In SQL Server a Graph edge table stores edges of a Directed Graph, and a directed graph can be used to model a binary relation. It also provides graph query extensions to TSQL, including SHORTEST_PATH which can be used to calculate the transitive closure of the relation modeled by the graph. So to make the graph model an equivalence relation, we just need to add all the inverse edges, and the identity edges.
eg:
--drop table if exists DuplicateOf
--drop table if exists Employee
CREATE TABLE Employee (EmployeeID varchar(50)) AS NODE;
CREATE TABLE DuplicateOf AS EDGE;
insert into Employee(EmployeeID) values ('E1'),('E2'),('E3'),('E4'),('E5'),('E6'),('E7'),('E8')

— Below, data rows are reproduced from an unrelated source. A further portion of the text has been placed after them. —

theorem lemma5p10:
  fixes C :: "nat \<Rightarrow> nat \<Rightarrow> 'a::comm_ring_1"
  assumes "formal_group_law C"
    and "\<And>n. n > 0 \<Longrightarrow> zero_divisor_free_elem (fgl_nseries C n)"
  shows "lucasian (fgl_nseries C)"
proof -
  let ?s = "fgl_nseries C" and ?D = "\<lambda>a b. fgl_cofactor C (fgl_nseries C a) (fgl_nseries C b)"
  have add: "?s (a + b) = ?s a + ?s b + ?s a * ?s b * ?D a b" for a b
    using fgl_nseries_add fgl_apply_eq_cofactor fgl_nseries_nth_0 assms(1) by metis
  have lucas: "?s a * ?s b dvd ?s (a + b) - (?s a + ?s b)" for a b
    by (simp add: add)
  have "?s (n - k) dvd ?s n - ?s k" if "k < n" for n k
  proof
    show "?s n - ?s k = ?s (n - k) * (1 + ?s k * ?D (n - k) k)"
      using add[of "n - k" k] that by (simp add: algebra_simps)
  qed
  with assms(2) lucas show ?thesis
    by (simp add: lucasian_def gns_def)
qed

end
(* Let $d$ be a square-free positive integer and $N=U^{\oplus2}\oplus E_8^{\oplus2}\oplus\langle-2\rangle\oplus\langle-2d\rangle$, and let $I_2(N)$ be the set of primitive isotropic rank-two sublattices of $N$. The natural map $I_2(N)/O^+(N)\to I_2(N)/O(N)$ is a bijection.
   Context: $O^+(N)$ is the index-two subgroup of $O(N)$ of isometries of real spinor norm $1$ (the real spinor norm of a product of reflections $\rho_{v_1}\cdots\rho_{v_m}$, $v_i\in N_{\mathbb R}$, is $\prod(-v_i^2/2)$ modulo squares). *)

theory Defs
  imports Complex_Main "HOL-Computational_Algebra.Squarefree"
begin

text \<open>The lattice N = U^2 + E8(-1)^2 + <-2> + <-2d> of rank 22, realised as Z^22,
  vectors being functions nat => int supported on {..<22}.
  Coordinates 0-1 and 2-3: hyperbolic planes U; 4-11 and 12-19: E8 (negative definite,
  signature (2,20) convention); 20: <-2>; 21: <-2d>.\<close>

definition lat :: "(nat \<Rightarrow> int) set" where
  "lat = {x. \<forall>i\<ge>22. x i = 0}"

definition latR :: "(nat \<Rightarrow> real) set" where
  "latR = {x. \<forall>i\<ge>22. x i = 0}"

text \<open>Adjacency of the E8 Dynkin diagram (Bourbaki labelling, shifted to 0..7).\<close>
definition e8adj :: "nat \<Rightarrow> nat \<Rightarrow> bool" where
  "e8adj i j = ((i, j) \<in> {(0,2),(2,3),(3,4),(4,5),(5,6),(6,7),(1,3)} \<or>
                (j, i) \<in> {(0,2),(2,3),(3,4),(4,5),(5,6),(6,7),(1,3)})"

definition e8m :: "nat \<Rightarrow> nat \<Rightarrow> int" where
  "e8m i j = (if i = j then -2 else if e8adj i j then 1 else 0)"

definition gram :: "nat \<Rightarrow> nat \<Rightarrow> nat \<Rightarrow> int" where
  "gram d i j =
     (if i < 4 \<and> j < 4 then (if i div 2 = j div 2 \<and> i \<noteq> j then 1 else 0)
      else if 4 \<le> i \<and> i < 12 \<and> 4 \<le> j \<and> j < 12 then e8m (i - 4) (j - 4)
      else if 12 \<le> i \<and> i < 20 \<and> 12 \<le> j \<and> j < 20 then e8m (i - 12) (j - 12)
      else if i = 20 \<and> j = 20 then -2
      else if i = 21 \<and> j = 21 then - 2 * int d
      else 0)"

definition bil :: "nat \<Rightarrow> (nat \<Rightarrow> int) \<Rightarrow> (nat \<Rightarrow> int) \<Rightarrow> int" where
  "bil d x y = (\<Sum>i<22. \<Sum>j<22. x i * gram d i j * y j)"

definition bilR :: "nat \<Rightarrow> (nat \<Rightarrow> real) \<Rightarrow> (nat \<Rightarrow> real) \<Rightarrow> real" where
  "bilR d x y = (\<Sum>i<22. \<Sum>j<22. x i * of_int (gram d i j) * y j)"

definition mv :: "(nat \<Rightarrow> nat \<Rightarrow> int) \<Rightarrow> (nat \<Rightarrow> int) \<Rightarrow> (nat \<Rightarrow> int)" where
  "mv g x = (\<lambda>i. if i < 22 then (\<Sum>j<22. g i j * x j) else 0)"

definition mvR :: "(nat \<Rightarrow> nat \<Rightarrow> int) \<Rightarrow> (nat \<Rightarrow> real) \<Rightarrow> (nat \<Rightarrow> real)" where
  "mvR g x = (\<lambda>i. if i < 22 then (\<Sum>j<22. of_int (g i j) * x j) else 0)"

definition OrthN :: "nat \<Rightarrow> (nat \<Rightarrow> nat \<Rightarrow> int) set" where
  "OrthN d = {g. (\<forall>i j. (22 \<le> i \<or> 22 \<le> j) \<longrightarrow> g i j = 0) \<and>
                 bij_betw (mv g) lat lat \<and>
                 (\<forall>x\<in>lat. \<forall>y\<in>lat. bil d (mv g x) (mv g y) = bil d x y)}"

definition reflR :: "nat \<Rightarrow> (nat \<Rightarrow> real) \<Rightarrow> (nat \<Rightarrow> real) \<Rightarrow> (nat \<Rightarrow> real)" where
  "reflR d v x = (\<lambda>i. x i - 2 * bilR d x v / bilR d v v * v i)"

text \<open>O^+(N): isometries of real spinor norm 1, i.e. which are a product of reflections
  rho_{v_1} ... rho_{v_m} (v_i in N_R, v_i^2 <> 0) with prod (- v_i^2 / 2) a positive real
  (a square in R^*).\<close>
definition OrthPlusN :: "nat \<Rightarrow> (nat \<Rightarrow> nat \<Rightarrow> int) set" where
  "OrthPlusN d = {g \<in> OrthN d. \<exists>vs :: (nat \<Rightarrow> real) list.
       (\<forall>v\<in>set vs. v \<in> latR \<and> bilR d v v \<noteq> 0) \<and>
       (\<forall>x\<in>latR. mvR g x = foldr (\<lambda>v f. reflR d v \<circ> f) vs id x) \<and>
       (\<Prod>v\<leftarrow>vs. - bilR d v v / 2) > 0}"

INSERT INTO DuplicateOf VALUES
(
(SELECT $node_id FROM Employee WHERE EmployeeID = 'E1'), (SELECT $node_id FROM Employee WHERE EmployeeID = 'E2')
),
(
(SELECT $node_id FROM Employee WHERE EmployeeID = 'E2'), (SELECT $node_id FROM Employee WHERE EmployeeID = 'E3')
),
(
(SELECT $node_id FROM Employee WHERE EmployeeID = 'E4'), (SELECT $node_id FROM Employee WHERE EmployeeID = 'E1')
),
(
(SELECT $node_id FROM Employee WHERE EmployeeID = 'E5'), (SELECT $node_id FROM Employee WHERE EmployeeID = 'E6')
);
--add the inverse of each edge to model a symmetric relation
INSERT DuplicateOf($from_id, $to_id)
SELECT $to_id, $from_id
FROM DuplicateOf;
--add add each employeeid to make model a reflexive relation
INSERT DuplicateOf($from_id, $to_id)
SELECT $node_id, $node_id
FROM Employee;
with q as
(
SELECT
e1.EmployeeID,
last_node =
LAST_VALUE(e2.EmployeeID)
WITHIN GROUP (GRAPH PATH)
FROM
dbo.Employee AS e1,
dbo.DuplicateOf FOR PATH AS dup,
dbo.Employee FOR PATH AS e2
WHERE MATCH(SHORTEST_PATH(e1(-(dup)->e2)+))
)
SELECT
q.EmployeeID,
MainEmployeeId = min(q.last_node),
EquivilenceClass =
STRING_AGG(q.last_node, ',')
WITHIN GROUP (ORDER BY q.last_node)
FROM q
GROUP BY q.EmployeeID;
outputs
EmployeeID MainEmployeeId EquivilenceClass
------------- ----------------- -------------------
E1 E1 E1,E2,E3,E4
E2 E1 E1,E2,E3,E4
E3 E1 E1,E2,E3,E4
E4 E1 E1,E2,E3,E4
E5 E5 E5,E6
E6 E5 E5,E6
E7 E7 E7
E8 E8 E8